It came out of no where then, my first riot. I cringe a little calling it that; the word 'riot' seems to lend the event some sort of legitimacy. Let's not call it a riot: in my mind riots move. Back and forth or straight forward a riot has motion, physical and ideological. This was a disruption, a drunken group looking for a fight. All the loud assholes outside of a bar, the dudes that yell at you out of their car window all grouped up in one place. I was up in the town where I had gone to college visiting my girlfriend for the weekend. We were at a quiet gathering down at the bottom of a long street that leads, more or less, up to the school, about a mile away from campus. We had been in the back yard around a sad little fire of beer boxes and newspaper, talking, eating. The night was pretty quiet though every few minutes there was this chanting or yelling, apparently coming from down town. I figured it was a football game or concert. People around the fire kept mentioning a block party 'Is it still going on?', 'I heard it got broken up?', 'We were just there.') Over the course of five minutes we saw two or three cop cars - lights on, sirens quiet - speed past the house and up to campus. My girlfriend and I went out onto the front lawn and, looking up the street, saw a mass of flashing lights blocking off the street. We decided to go see what was going on and walked up the street. As we got closer people became more frequent, moving to or away from the mess, a few just watching. There were easily eight cop cars blocking off the road, though they never stopped us or asked us to turn around. Up on the ledge of a small hill, overlooking an intersection about half a mile from campus, there were about two hundred people, young, (student aged, though perhaps not students) gathered, facing the police and cheering. Bottles were arcing up and crashing in front of the cars. Already glass was strewn about and shimmering on the entire space in front of the police cars. We watched for a moment, a little amused but mostly wondering at what could possible incite something so ridiculous and out of place.

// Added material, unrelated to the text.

(* Consider an instance of the rental-harmony problem with $k$ roommates and $k-1$ rooms (satisfying the assumptions in the context). Then there exists a division of the rent such that, no matter which one roommate is kicked out, there is an envy-free assignment of the $k-1$ rooms to the remaining $k-1$ roommates, i.e., a bijection between rooms and remaining roommates in which each roommate receives one of her preferred rooms for that rent division.
   Context: A fixed total rent is to be divided among the rooms: a rent division is an assignment of a nonnegative price to each room, the prices summing to the total rent. For each rent division, each roommate has a nonempty set of preferred rooms (she may prefer several). Assumptions: (i) a roommate will not envy the others if she gets a room for free, i.e., in any rent division, any room whose price is zero is among the preferred rooms of each roommate; (ii) closedness: if a roommate prefers a given room for every rent division of a converging sequence of rent divisions, she also prefers that room for the limit rent division. An assignment of rooms to roommates is envy-free if each roommate receives one of her preferred rooms. *)

theory Defs
  imports "HOL-Analysis.Analysis"
begin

Anyways, here I am standing in front of this angry, drunken, idiotic crowd, filled with the gospel of moderation. The cops were quietly pulling out their riot gear, one guy lining up with a paintball gun aside a car. I was angry at the people throwing bottles, but also at the cops for amping up the crowd with their lights and gear and simple presence. It seemed reasonable enough to me that if I went into the crowd and called people out one by one, pointing at them and saying 'Go home' I might have some effect. The adrenaline got me and I went over and into the crowd. I was kind of drunk, I'll admit it, but more than anything I think I was driven by an article I had been reading earlier in the day by Douglas Hofstadter. This was from 'metamagical themas' the collection of his mathematical games in Scientific American from the early 80's. In his penultimate column Hofstadter put forward a lottery which went as follows: each person may send in a postcard with a number on it representing the number of entries they wish to have. A '1' gets you one chance of winning a '700' get you 700 chances of winning. The prize was $1,000,000 dollars though the winner only received that amount divided by the number of entries. He reported over two thousand entries, many of them '1's though quite a few of them insanely large numbers. Naturally, due to the large number and magnitude of the entries, the amount of the prize was so vanishingly small that it essentially equaled zero. Hofstadter used this as a way to demonstrate the tragedy of the commons in a very elegant way, showing here that most people assume that they are special, unique, that they can take more than others because others will act moderately, rationally, and provide a cushion for that one person. Of course many, if not most, people assume that they are the special individual. This drive toward selfishness is placed as the single most importance cause of the decline in natural resources. The article ended in a very depressing way with Hofstadter lamenting humanity, the environment and resigning his position at SA.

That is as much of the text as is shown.